*** Opening of EXCERPTED DATA ***
lemma left_division: "a \<in> L \<Longrightarrow> b \<in> L \<Longrightarrow> \<exists>x\<in>L. a \<cdot> x = b"
  using C_loop unfolding is_C_loop_def is_loop_def by metis

lemma right_division: "a \<in> L \<Longrightarrow> b \<in> L \<Longrightarrow> \<exists>y\<in>L. y \<cdot> a = b"
  using C_loop unfolding is_C_loop_def is_loop_def by metis

lemma C_law: "x \<in> L \<Longrightarrow> y \<in> L \<Longrightarrow> z \<in> L \<Longrightarrow> x \<cdot> (y \<cdot> (y \<cdot> z)) = ((x \<cdot> y) \<cdot> y) \<cdot> z"
  using C_loop unfolding is_C_loop_def by blast

lemma left_alternative: "y \<in> L \<Longrightarrow> z \<in> L \<Longrightarrow> y \<cdot> (y \<cdot> z) = (y \<cdot> y) \<cdot> z"
  using C_law[of e y z] unit_closed by simp

lemma right_alternative: "x \<in> L \<Longrightarrow> y \<in> L \<Longrightarrow> x \<cdot> (y \<cdot> y) = (x \<cdot> y) \<cdot> y"
  using C_law[of x y e] unit_closed by simp

lemma square_in_middle_nucleus: "y \<in> L \<Longrightarrow> y \<cdot> y \<in> middle_nucleus L m"
  unfolding middle_nucleus_def using C_law left_alternative right_alternative by simp

definition inv_of :: "'a \<Rightarrow> 'a" where
  "inv_of y = (SOME z. z \<in> L \<and> y \<cdot> z = e)"

lemma inv_of_closed [simp]: "y \<in> L \<Longrightarrow> inv_of y \<in> L"
  and right_inverse [simp]: "y \<in> L \<Longrightarrow> y \<cdot> inv_of y = e"
  using someI_ex[of "\<lambda>z. z \<in> L \<and> y \<cdot> z = e"] left_division[OF _ unit_closed, of y]
  by (auto simp: inv_of_def)

lemma right_inverse_property [simp]:
  assumes "u \<in> L" "y \<in> L" shows "(u \<cdot> y) \<cdot> inv_of y = u"
proof -
  obtain x where "x \<in> L" "x \<cdot> y = u"
    using right_division assms by blast
  with C_law[of x y "inv_of y"] assms show ?thesis by simp
qed

lemma left_inverse [simp]:
  assumes "y \<in> L" shows "inv_of y \<cdot> y = e"
proof -
  obtain l where l: "l \<in> L" "l \<cdot> y = e"
    using right_division[OF assms unit_closed] by blast
  with right_inverse_property[of l y] assms have "l = inv_of y" by simp
  with l show ?thesis by simp
qed

lemma left_inverse_property [simp]:
  assumes "v \<in> L" "y \<in> L" shows "inv_of y \<cdot> (y \<cdot> v) = v"
proof -
  obtain z where "z \<in> L" "y \<cdot> z = v"
    using left_division assms by blast
  with C_law[of "inv_of y" y z] assms show ?thesis by simp
qed

lemma inv_of_inv_of [simp]: "y \<in> L \<Longrightarrow> inv_of (inv_of y) = y"
  using left_cancel[of "inv_of y" "inv_of (inv_of y)" y] by simp

lemma inv_of_mult:
  assumes "x \<in> L" "y \<in> L" shows "inv_of (x \<cdot> y) = inv_of y \<cdot> inv_of x"
proof -
  have "inv_of (x \<cdot> y) \<cdot> x = inv_of (x \<cdot> y) \<cdot> ((x \<cdot> y) \<cdot> inv_of y)"
    using assms by simp
  also have "\<dots> = inv_of y"
    by (rule left_inverse_property) (use assms in simp_all)
  finally have eq: "inv_of (x \<cdot> y) \<cdot> x = inv_of y" .
  have "inv_of (x \<cdot> y) = (inv_of (x \<cdot> y) \<cdot> x) \<cdot> inv_of x"
    using assms by simp
  also have "\<dots> = inv_of y \<cdot> inv_of x"
    by (simp only: eq)
  finally show ?thesis .
qed

lemma inv_of_square: "w \<in> L \<Longrightarrow> inv_of w = inv_of (w \<cdot> w) \<cdot> w"
  using left_inverse_property[of "inv_of w" "w \<cdot> w"] right_inverse_property[of w w] by simp

lemma middle_nucleus_inv_of:
  assumes a: "a \<in> middle_nucleus L m" shows "inv_of a \<in> middle_nucleus L m"
proof -
  have aL: "a \<in> L" using a by (simp add: middle_nucleus_def)
  have "u \<cdot> (inv_of a \<cdot> v) = (u \<cdot> inv_of a) \<cdot> v" if "u \<in> L" "v \<in> L" for u v
  proof -
    have "(u \<cdot> inv_of a) \<cdot> (a \<cdot> (inv_of a \<cdot> v)) = ((u \<cdot> inv_of a) \<cdot> a) \<cdot> (inv_of a \<cdot> v)"
      using a aL that by (simp add: middle_nucleus_def)
    moreover have "a \<cdot> (inv_of a \<cdot> v) = v"
      using left_inverse_property[of v "inv_of a"] that aL by simp
    moreover have "(u \<cdot> inv_of a) \<cdot> a = u"
      using right_inverse_property[of u "inv_of a"] that aL by simp
    ultimately show ?thesis by simp
  qed
  with aL show ?thesis by (simp add: middle_nucleus_def)
qed

lemma inv_of_middle_nucleus_in_left_nucleus:
  assumes a: "a \<in> middle_nucleus L m" shows "inv_of a \<in> left_nucleus L m"
proof -
  have aL: "a \<in> L" using a by (simp add: middle_nucleus_def)
  have "inv_of a \<cdot> (u \<cdot> w) = (inv_of a \<cdot> u) \<cdot> w" if u: "u \<in> L" and w: "w \<in> L" for u w
  proof -
    define v where "v = inv_of a \<cdot> (u \<cdot> w)"
    have vL: "v \<in> L" using v_def aL u w by simp
    have "(inv_of u \<cdot> a) \<cdot> v = inv_of u \<cdot> (a \<cdot> v)"
      using a u vL by (simp add: middle_nucleus_def)
    also have "\<dots> = w"
      using v_def left_inverse_property[of "u \<cdot> w" "inv_of a"] aL u w by simp
    finally have "v = inv_of (inv_of u \<cdot> a) \<cdot> w"
      using left_inverse_property[of v "inv_of u \<cdot> a"] vL aL u by simp
    then show ?thesis
      using inv_of_mult[of "inv_of u" a] v_def aL u by simp
  qed
  with aL show ?thesis by (simp add: left_nucleus_def)
qed

lemma middle_nucleus_subset_left_nucleus: "middle_nucleus L m \<subseteq> left_nucleus L m"
proof
  fix a assume a: "a \<in> middle_nucleus L m"
  then have "a \<in> L" by (simp add: middle_nucleus_def)
  with inv_of_middle_nucleus_in_left_nucleus[OF middle_nucleus_inv_of[OF a]]
  show "a \<in> left_nucleus L m" by simp
qed

lemma middle_nucleus_subset_right_nucleus: "middle_nucleus L m \<subseteq> right_nucleus L m"
proof -
  interpret opposite: C_loop L "\<lambda>x y. y \<cdot> x" e
    using is_C_loop_opposite[OF C_loop] by unfold_locales
  show ?thesis
    using opposite.middle_nucleus_subset_left_nucleus
    unfolding left_nucleus_opposite[of L m] middle_nucleus_opposite[of L m] .
qed

lemma nucleus_eq_middle_nucleus: "nucleus L m = middle_nucleus L m"
  unfolding nucleus_def
  using middle_nucleus_subset_left_nucleus middle_nucleus_subset_right_nucleus by blast

lemma nucleus_closed: "a \<in> nucleus L m \<Longrightarrow> a \<in> L"
  by (simp add: nucleus_def left_nucleus_def)

lemma nucleus_left_assoc: "\<lbrakk>a \<in> nucleus L m; u \<in> L; v \<in> L\<rbrakk> \<Longrightarrow> a \<cdot> (u \<cdot> v) = (a \<cdot> u) \<cdot> v"
  by (simp add: nucleus_def left_nucleus_def)

lemma nucleus_middle_assoc: "\<lbrakk>a \<in> nucleus L m; u \<in> L; v \<in> L\<rbrakk> \<Longrightarrow> u \<cdot> (a \<cdot> v) = (u \<cdot> a) \<cdot> v"
  by (simp add: nucleus_def middle_nucleus_def)

lemma nucleus_right_assoc: "\<lbrakk>a \<in> nucleus L m; u \<in> L; v \<in> L\<rbrakk> \<Longrightarrow> u \<cdot> (v \<cdot> a) = (u \<cdot> v) \<cdot> a"
  by (simp add: nucleus_def right_nucleus_def)

lemma square_in_nucleus: "y \<in> L \<Longrightarrow> y \<cdot> y \<in> nucleus L m"
  using square_in_middle_nucleus nucleus_eq_middle_nucleus by simp

lemma nucleus_inv_of: "a \<in> nucleus L m \<Longrightarrow> inv_of a \<in> nucleus L m"
  using middle_nucleus_inv_of nucleus_eq_middle_nucleus by simp

lemma unit_in_nucleus: "e \<in> nucleus L m"
  using unit_closed by (simp add: nucleus_eq_middle_nucleus middle_nucleus_def)

lemma nucleus_mult_closed:
  assumes a: "a \<in> nucleus L m" and b: "b \<in> nucleus L m" shows "a \<cdot> b \<in> nucleus L m"
proof -
  have L: "a \<in> L" "b \<in> L" using a b nucleus_closed by auto
  have "y \<cdot> ((a \<cdot> b) \<cdot> z) = (y \<cdot> (a \<cdot> b)) \<cdot> z" if "y \<in> L" "z \<in> L" for y z
  proof -
    have "y \<cdot> ((a \<cdot> b) \<cdot> z) = y \<cdot> (a \<cdot> (b \<cdot> z))" using nucleus_left_assoc[OF a] L that by simp
    also have "\<dots> = (y \<cdot> a) \<cdot> (b \<cdot> z)" using nucleus_middle_assoc[OF a] L that by simp
    also have "\<dots> = ((y \<cdot> a) \<cdot> b) \<cdot> z" using nucleus_middle_assoc[OF b] L that by simp
    also have "\<dots> = (y \<cdot> (a \<cdot> b)) \<cdot> z" using nucleus_right_assoc[OF b] L that by simp
    finally show ?thesis .
  qed
  with L show ?thesis by (simp add: nucleus_eq_middle_nucleus middle_nucleus_def)
qed

lemma nucleus_is_subloop: "is_subloop (nucleus L m) L m e"
  unfolding is_subloop_def
proof (intro conjI ballI impI)
  show "nucleus L m \<subseteq> L" using nucleus_closed by blast
  show "e \<in> nucleus L m" by (rule unit_in_nucleus)
  show "a \<cdot> b \<in> nucleus L m" if "a \<in> nucleus L m" "b \<in> nucleus L m" for a b
    using nucleus_mult_closed that .
  show "x \<in> nucleus L m" if "a \<in> nucleus L m" "b \<in> nucleus L m" "x \<in> L" "a \<cdot> x = b" for a b x
  proof -
    have "x = inv_of a \<cdot> b" using that left_inverse_property[of x a] nucleus_closed by metis
    then show ?thesis using nucleus_mult_closed nucleus_inv_of that by simp
  qed
  show "y \<in> nucleus L m" if "a \<in> nucleus L m" "b \<in> nucleus L m" "y \<in> L" "y \<cdot> a = b" for a b y
  proof -
    have "y = b \<cdot> inv_of a" using that right_inverse_property[of y a] nucleus_closed by metis
    then show ?thesis using nucleus_mult_closed nucleus_inv_of that by simp
  qed
qed

lemma nucleus_left_coset_subset_right_coset:
  assumes x: "x \<in> L" and k: "k \<in> nucleus L m"
  shows "\<exists>k'\<in>nucleus L m. x \<cdot> k = k' \<cdot> x"
proof -
  have kL: "k \<in> L" using k nucleus_closed by blast
  define w where "w = inv_of k \<cdot> x"
  have wL: "w \<in> L" using w_def x kL by simp
  define p where "p = x \<cdot> x"
  define q where "q = inv_of (w \<cdot> w)"
  have pN: "p \<in> nucleus L m" using square_in_nucleus x p_def by simp
  have qN: "q \<in> nucleus L m" using q_def nucleus_inv_of square_in_nucleus wL by simp
  have "x \<cdot> k = (p \<cdot> inv_of x) \<cdot> k" using p_def x by simp
  also have "\<dots> = p \<cdot> (inv_of x \<cdot> k)" using nucleus_left_assoc[OF pN] x kL by simp
  also have "inv_of x \<cdot> k = inv_of w" using inv_of_mult[of "inv_of k" x] w_def kL x by simp
  also have "inv_of w = q \<cdot> (inv_of k \<cdot> x)" using inv_of_square[OF wL] q_def w_def by simp
  also have "\<dots> = (q \<cdot> inv_of k) \<cdot> x" using nucleus_left_assoc[OF qN] x kL by simp
  also have "p \<cdot> \<dots> = (p \<cdot> (q \<cdot> inv_of k)) \<cdot> x"
    using nucleus_left_assoc[OF pN] x kL qN nucleus_closed by simp
  finally show ?thesis
    using nucleus_mult_closed nucleus_inv_of pN qN k by blast
qed

lemma nucleus_right_coset_subset_left_coset:
  assumes "x \<in> L" and "k \<in> nucleus L m"
  shows "\<exists>k'\<in>nucleus L m. k \<cdot> x = x \<cdot> k'"
proof -
  interpret opposite: C_loop L "\<lambda>x y. y \<cdot> x" e
    using is_C_loop_opposite[OF C_loop] by unfold_locales
  show ?thesis
    using opposite.nucleus_left_coset_subset_right_coset assms
    unfolding nucleus_opposite[of L m] by simp
qed

lemma nucleus_left_coset_eq_right_coset:
  "x \<in> L \<Longrightarrow> (\<lambda>k. x \<cdot> k) ` nucleus L m = (\<lambda>k. k \<cdot> x) ` nucleus L m"
  using nucleus_left_coset_subset_right_coset nucleus_right_coset_subset_left_coset
  by (auto simp: image_iff)

lemma nucleus_left_coset_mult:
  assumes x: "x \<in> L" and y: "y \<in> L"
  shows "(\<lambda>k. x \<cdot> (y \<cdot> k)) ` nucleus L m = (\<lambda>k. (x \<cdot> y) \<cdot> k) ` nucleus L m"
proof -
  let ?N = "nucleus L m"
  have "(\<lambda>k. x \<cdot> (y \<cdot> k)) ` ?N = (\<lambda>u. x \<cdot> u) ` (\<lambda>k. y \<cdot> k) ` ?N"
    by (simp add: image_image)
  also have "\<dots> = (\<lambda>u. x \<cdot> u) ` (\<lambda>k. k \<cdot> y) ` ?N"
    using nucleus_left_coset_eq_right_coset[OF y] by simp
  also have "\<dots> = (\<lambda>k. (x \<cdot> k) \<cdot> y) ` ?N"
    using nucleus_middle_assoc x y by (simp add: image_image)
  also have "\<dots> = (\<lambda>u. u \<cdot> y) ` (\<lambda>k. x \<cdot> k) ` ?N"
    by (simp add: image_image)
  also have "\<dots> = (\<lambda>u. u \<cdot> y) ` (\<lambda>k. k \<cdot> x) ` ?N"
    using nucleus_left_coset_eq_right_coset[OF x] by simp
  also have "\<dots> = (\<lambda>k. k \<cdot> (x \<cdot> y)) ` ?N"
    using nucleus_left_assoc x y by (simp add: image_image)
  also have "\<dots> = (\<lambda>k. (x \<cdot> y) \<cdot> k) ` ?N"
    using nucleus_left_coset_eq_right_coset x y by simp
  finally show ?thesis .
qed

lemma nucleus_is_normal_subloop: "is_normal_subloop (nucleus L m) L m e"
  unfolding is_normal_subloop_def
  using nucleus_is_subloop nucleus_left_coset_eq_right_coset nucleus_left_coset_mult
    nucleus_middle_assoc
  by (auto intro!: image_cong)

end

theorem proposition2p5:
  fixes L :: "'a set" and m :: "'a \<Rightarrow> 'a \<Rightarrow> 'a" and e :: 'a
  assumes "is_C_loop L m e"
  shows "is_normal_subloop (nucleus L m) L m e \<and>
         (\<forall>a\<in>nucleus L m. \<forall>b\<in>nucleus L m. \<forall>c\<in>nucleus L m. m a (m b c) = m (m a b) c)"
proof -
  interpret C_loop L m e using assms by unfold_locales
  show ?thesis
    using nucleus_is_normal_subloop nucleus_left_assoc nucleus_closed by blast
qed

end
*** Close of EXCERPTED DATA ***
**PROBLEM TO WORK ON:**
In the listing, find each line with the string "exists" and copy it.

**ANSWER SECTION:**
lemma left_division: "a \<in> L \<Longrightarrow> b \<in> L \<Longrightarrow> \<exists>x\<in>L. a \<cdot> x = b"
lemma right_division: "a \<in> L \<Longrightarrow> b \<in> L \<Longrightarrow> \<exists>y\<in>L. y \<cdot> a = b"
  shows "\<exists>k'\<in>nucleus L m. x \<cdot> k = k' \<cdot> x"
  shows "\<exists>k'\<in>nucleus L m. k \<cdot> x = x \<cdot> k'"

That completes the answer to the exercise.